GOAL OF THE EXERCISE = An exact copy of the listing is required.
•••
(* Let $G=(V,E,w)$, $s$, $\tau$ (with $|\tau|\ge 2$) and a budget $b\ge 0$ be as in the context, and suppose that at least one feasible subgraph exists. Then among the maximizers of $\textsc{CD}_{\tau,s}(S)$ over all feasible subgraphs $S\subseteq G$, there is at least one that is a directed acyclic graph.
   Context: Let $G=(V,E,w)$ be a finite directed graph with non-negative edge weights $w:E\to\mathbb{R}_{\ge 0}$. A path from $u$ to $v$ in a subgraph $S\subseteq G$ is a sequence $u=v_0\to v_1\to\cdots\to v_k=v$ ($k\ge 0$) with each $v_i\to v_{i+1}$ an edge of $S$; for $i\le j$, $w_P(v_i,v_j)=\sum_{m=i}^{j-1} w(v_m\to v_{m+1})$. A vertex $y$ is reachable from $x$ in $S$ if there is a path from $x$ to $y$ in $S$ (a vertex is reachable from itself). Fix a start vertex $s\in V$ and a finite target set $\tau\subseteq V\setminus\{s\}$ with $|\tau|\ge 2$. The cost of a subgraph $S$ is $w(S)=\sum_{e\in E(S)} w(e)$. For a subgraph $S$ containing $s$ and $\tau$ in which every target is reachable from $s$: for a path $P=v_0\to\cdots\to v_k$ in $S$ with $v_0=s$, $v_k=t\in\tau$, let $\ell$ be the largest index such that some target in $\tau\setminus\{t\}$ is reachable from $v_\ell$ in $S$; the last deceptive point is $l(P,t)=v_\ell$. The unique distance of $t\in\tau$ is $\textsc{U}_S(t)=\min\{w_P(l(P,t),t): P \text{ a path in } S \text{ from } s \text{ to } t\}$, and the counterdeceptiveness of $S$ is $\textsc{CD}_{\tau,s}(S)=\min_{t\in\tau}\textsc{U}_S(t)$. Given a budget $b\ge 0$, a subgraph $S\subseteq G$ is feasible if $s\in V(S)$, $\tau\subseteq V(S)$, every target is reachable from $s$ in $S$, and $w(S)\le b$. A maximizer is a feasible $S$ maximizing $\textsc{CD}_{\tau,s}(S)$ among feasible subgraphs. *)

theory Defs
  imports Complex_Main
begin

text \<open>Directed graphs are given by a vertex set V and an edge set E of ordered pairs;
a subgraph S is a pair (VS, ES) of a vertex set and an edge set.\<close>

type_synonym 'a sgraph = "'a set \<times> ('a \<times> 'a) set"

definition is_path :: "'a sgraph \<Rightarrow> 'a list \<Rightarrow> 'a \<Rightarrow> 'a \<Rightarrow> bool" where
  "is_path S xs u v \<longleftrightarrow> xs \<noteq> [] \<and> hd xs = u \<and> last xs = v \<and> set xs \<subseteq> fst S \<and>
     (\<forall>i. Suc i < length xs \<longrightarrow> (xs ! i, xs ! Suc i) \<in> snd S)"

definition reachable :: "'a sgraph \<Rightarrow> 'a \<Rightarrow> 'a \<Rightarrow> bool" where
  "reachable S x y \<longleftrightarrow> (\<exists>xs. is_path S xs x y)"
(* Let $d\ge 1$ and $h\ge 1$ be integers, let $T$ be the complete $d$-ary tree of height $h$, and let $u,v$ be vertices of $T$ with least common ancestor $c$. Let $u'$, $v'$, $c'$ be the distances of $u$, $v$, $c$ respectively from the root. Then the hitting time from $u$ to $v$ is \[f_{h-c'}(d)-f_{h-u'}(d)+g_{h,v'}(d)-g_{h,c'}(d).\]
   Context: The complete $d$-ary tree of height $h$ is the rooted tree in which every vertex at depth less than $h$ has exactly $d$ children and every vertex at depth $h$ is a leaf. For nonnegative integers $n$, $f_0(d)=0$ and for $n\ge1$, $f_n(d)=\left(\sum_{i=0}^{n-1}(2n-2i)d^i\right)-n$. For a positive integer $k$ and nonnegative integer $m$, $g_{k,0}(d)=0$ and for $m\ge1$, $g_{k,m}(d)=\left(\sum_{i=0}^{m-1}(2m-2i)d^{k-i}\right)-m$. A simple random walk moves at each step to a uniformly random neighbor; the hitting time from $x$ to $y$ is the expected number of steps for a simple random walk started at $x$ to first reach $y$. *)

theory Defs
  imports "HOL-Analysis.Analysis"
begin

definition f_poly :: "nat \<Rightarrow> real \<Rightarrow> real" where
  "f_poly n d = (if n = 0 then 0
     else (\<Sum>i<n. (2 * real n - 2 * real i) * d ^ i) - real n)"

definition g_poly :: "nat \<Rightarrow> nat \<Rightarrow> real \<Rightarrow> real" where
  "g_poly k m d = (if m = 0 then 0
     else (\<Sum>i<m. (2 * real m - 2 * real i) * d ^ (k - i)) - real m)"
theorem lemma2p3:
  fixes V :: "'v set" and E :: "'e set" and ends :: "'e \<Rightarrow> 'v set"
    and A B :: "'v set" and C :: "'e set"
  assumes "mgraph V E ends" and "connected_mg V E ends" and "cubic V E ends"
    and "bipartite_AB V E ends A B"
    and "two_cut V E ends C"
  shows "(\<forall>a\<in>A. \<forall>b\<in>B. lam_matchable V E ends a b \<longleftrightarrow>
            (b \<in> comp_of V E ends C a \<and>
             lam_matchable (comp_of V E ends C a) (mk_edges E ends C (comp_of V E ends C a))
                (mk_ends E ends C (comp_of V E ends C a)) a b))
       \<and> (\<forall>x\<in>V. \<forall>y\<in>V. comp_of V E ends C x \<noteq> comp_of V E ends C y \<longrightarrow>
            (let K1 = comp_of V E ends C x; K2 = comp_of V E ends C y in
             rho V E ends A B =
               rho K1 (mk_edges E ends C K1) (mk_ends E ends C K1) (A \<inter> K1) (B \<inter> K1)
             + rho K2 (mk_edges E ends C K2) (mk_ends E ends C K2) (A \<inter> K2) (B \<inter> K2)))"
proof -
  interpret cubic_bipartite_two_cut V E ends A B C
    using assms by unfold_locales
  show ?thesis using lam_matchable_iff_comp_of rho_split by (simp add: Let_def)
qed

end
•••
ANSWER TO THIS TASK =
(* Let $G=(V,E,w)$, $s$, $\tau$ (with $|\tau|\ge 2$) and a budget $b\ge 0$ be as in the context, and suppose that at least one feasible subgraph exists. Then among the maximizers of $\textsc{CD}_{\tau,s}(S)$ over all feasible subgraphs $S\subseteq G$, there is at least one that is a directed acyclic graph.
   Context: Let $G=(V,E,w)$ be a finite directed graph with non-negative edge weights $w:E\to\mathbb{R}_{\ge 0}$. A path from $u$ to $v$ in a subgraph $S\subseteq G$ is a sequence $u=v_0\to v_1\to\cdots\to v_k=v$ ($k\ge 0$) with each $v_i\to v_{i+1}$ an edge of $S$; for $i\le j$, $w_P(v_i,v_j)=\sum_{m=i}^{j-1} w(v_m\to v_{m+1})$. A vertex $y$ is reachable from $x$ in $S$ if there is a path from $x$ to $y$ in $S$ (a vertex is reachable from itself). Fix a start vertex $s\in V$ and a finite target set $\tau\subseteq V\setminus\{s\}$ with $|\tau|\ge 2$. The cost of a subgraph $S$ is $w(S)=\sum_{e\in E(S)} w(e)$. For a subgraph $S$ containing $s$ and $\tau$ in which every target is reachable from $s$: for a path $P=v_0\to\cdots\to v_k$ in $S$ with $v_0=s$, $v_k=t\in\tau$, let $\ell$ be the largest index such that some target in $\tau\setminus\{t\}$ is reachable from $v_\ell$ in $S$; the last deceptive point is $l(P,t)=v_\ell$. The unique distance of $t\in\tau$ is $\textsc{U}_S(t)=\min\{w_P(l(P,t),t): P \text{ a path in } S \text{ from } s \text{ to } t\}$, and the counterdeceptiveness of $S$ is $\textsc{CD}_{\tau,s}(S)=\min_{t\in\tau}\textsc{U}_S(t)$. Given a budget $b\ge 0$, a subgraph $S\subseteq G$ is feasible if $s\in V(S)$, $\tau\subseteq V(S)$, every target is reachable from $s$ in $S$, and $w(S)\le b$. A maximizer is a feasible $S$ maximizing $\textsc{CD}_{\tau,s}(S)$ among feasible subgraphs. *)

theory Defs
  imports Complex_Main
begin

text \<open>Directed graphs are given by a vertex set V and an edge set E of ordered pairs;
a subgraph S is a pair (VS, ES) of a vertex set and an edge set.\<close>

type_synonym 'a sgraph = "'a set \<times> ('a \<times> 'a) set"

definition is_path :: "'a sgraph \<Rightarrow> 'a list \<Rightarrow> 'a \<Rightarrow> 'a \<Rightarrow> bool" where
  "is_path S xs u v \<longleftrightarrow> xs \<noteq> [] \<and> hd xs = u \<and> last xs = v \<and> set xs \<subseteq> fst S \<and>
     (\<forall>i. Suc i < length xs \<longrightarrow> (xs ! i, xs ! Suc i) \<in> snd S)"

definition reachable :: "'a sgraph \<Rightarrow> 'a \<Rightarrow> 'a \<Rightarrow> bool" where
  "reachable S x y \<longleftrightarrow> (\<exists>xs. is_path S xs x y)"
(* Let $d\ge 1$ and $h\ge 1$ be integers, let $T$ be the complete $d$-ary tree of height $h$, and let $u,v$ be vertices of $T$ with least common ancestor $c$. Let $u'$, $v'$, $c'$ be the distances of $u$, $v$, $c$ respectively from the root. Then the hitting time from $u$ to $v$ is \[f_{h-c'}(d)-f_{h-u'}(d)+g_{h,v'}(d)-g_{h,c'}(d).\]
   Context: The complete $d$-ary tree of height $h$ is the rooted tree in which every vertex at depth less than $h$ has exactly $d$ children and every vertex at depth $h$ is a leaf. For nonnegative integers $n$, $f_0(d)=0$ and for $n\ge1$, $f_n(d)=\left(\sum_{i=0}^{n-1}(2n-2i)d^i\right)-n$. For a positive integer $k$ and nonnegative integer $m$, $g_{k,0}(d)=0$ and for $m\ge1$, $g_{k,m}(d)=\left(\sum_{i=0}^{m-1}(2m-2i)d^{k-i}\right)-m$. A simple random walk moves at each step to a uniformly random neighbor; the hitting time from $x$ to $y$ is the expected number of steps for a simple random walk started at $x$ to first reach $y$. *)

theory Defs
  imports "HOL-Analysis.Analysis"
begin

definition f_poly :: "nat \<Rightarrow> real \<Rightarrow> real" where
  "f_poly n d = (if n = 0 then 0
     else (\<Sum>i<n. (2 * real n - 2 * real i) * d ^ i) - real n)"

definition g_poly :: "nat \<Rightarrow> nat \<Rightarrow> real \<Rightarrow> real" where
  "g_poly k m d = (if m = 0 then 0
     else (\<Sum>i<m. (2 * real m - 2 * real i) * d ^ (k - i)) - real m)"
theorem lemma2p3:
  fixes V :: "'v set" and E :: "'e set" and ends :: "'e \<Rightarrow> 'v set"
    and A B :: "'v set" and C :: "'e set"
  assumes "mgraph V E ends" and "connected_mg V E ends" and "cubic V E ends"
    and "bipartite_AB V E ends A B"
    and "two_cut V E ends C"
  shows "(\<forall>a\<in>A. \<forall>b\<in>B. lam_matchable V E ends a b \<longleftrightarrow>
            (b \<in> comp_of V E ends C a \<and>
             lam_matchable (comp_of V E ends C a) (mk_edges E ends C (comp_of V E ends C a))
                (mk_ends E ends C (comp_of V E ends C a)) a b))
       \<and> (\<forall>x\<in>V. \<forall>y\<in>V. comp_of V E ends C x \<noteq> comp_of V E ends C y \<longrightarrow>
            (let K1 = comp_of V E ends C x; K2 = comp_of V E ends C y in
             rho V E ends A B =
               rho K1 (mk_edges E ends C K1) (mk_ends E ends C K1) (A \<inter> K1) (B \<inter> K1)
             + rho K2 (mk_edges E ends C K2) (mk_ends E ends C K2) (A \<inter> K2) (B \<inter> K2)))"
proof -
  interpret cubic_bipartite_two_cut V E ends A B C
    using assms by unfold_locales
  show ?thesis using lam_matchable_iff_comp_of rho_split by (simp add: Let_def)
qed

end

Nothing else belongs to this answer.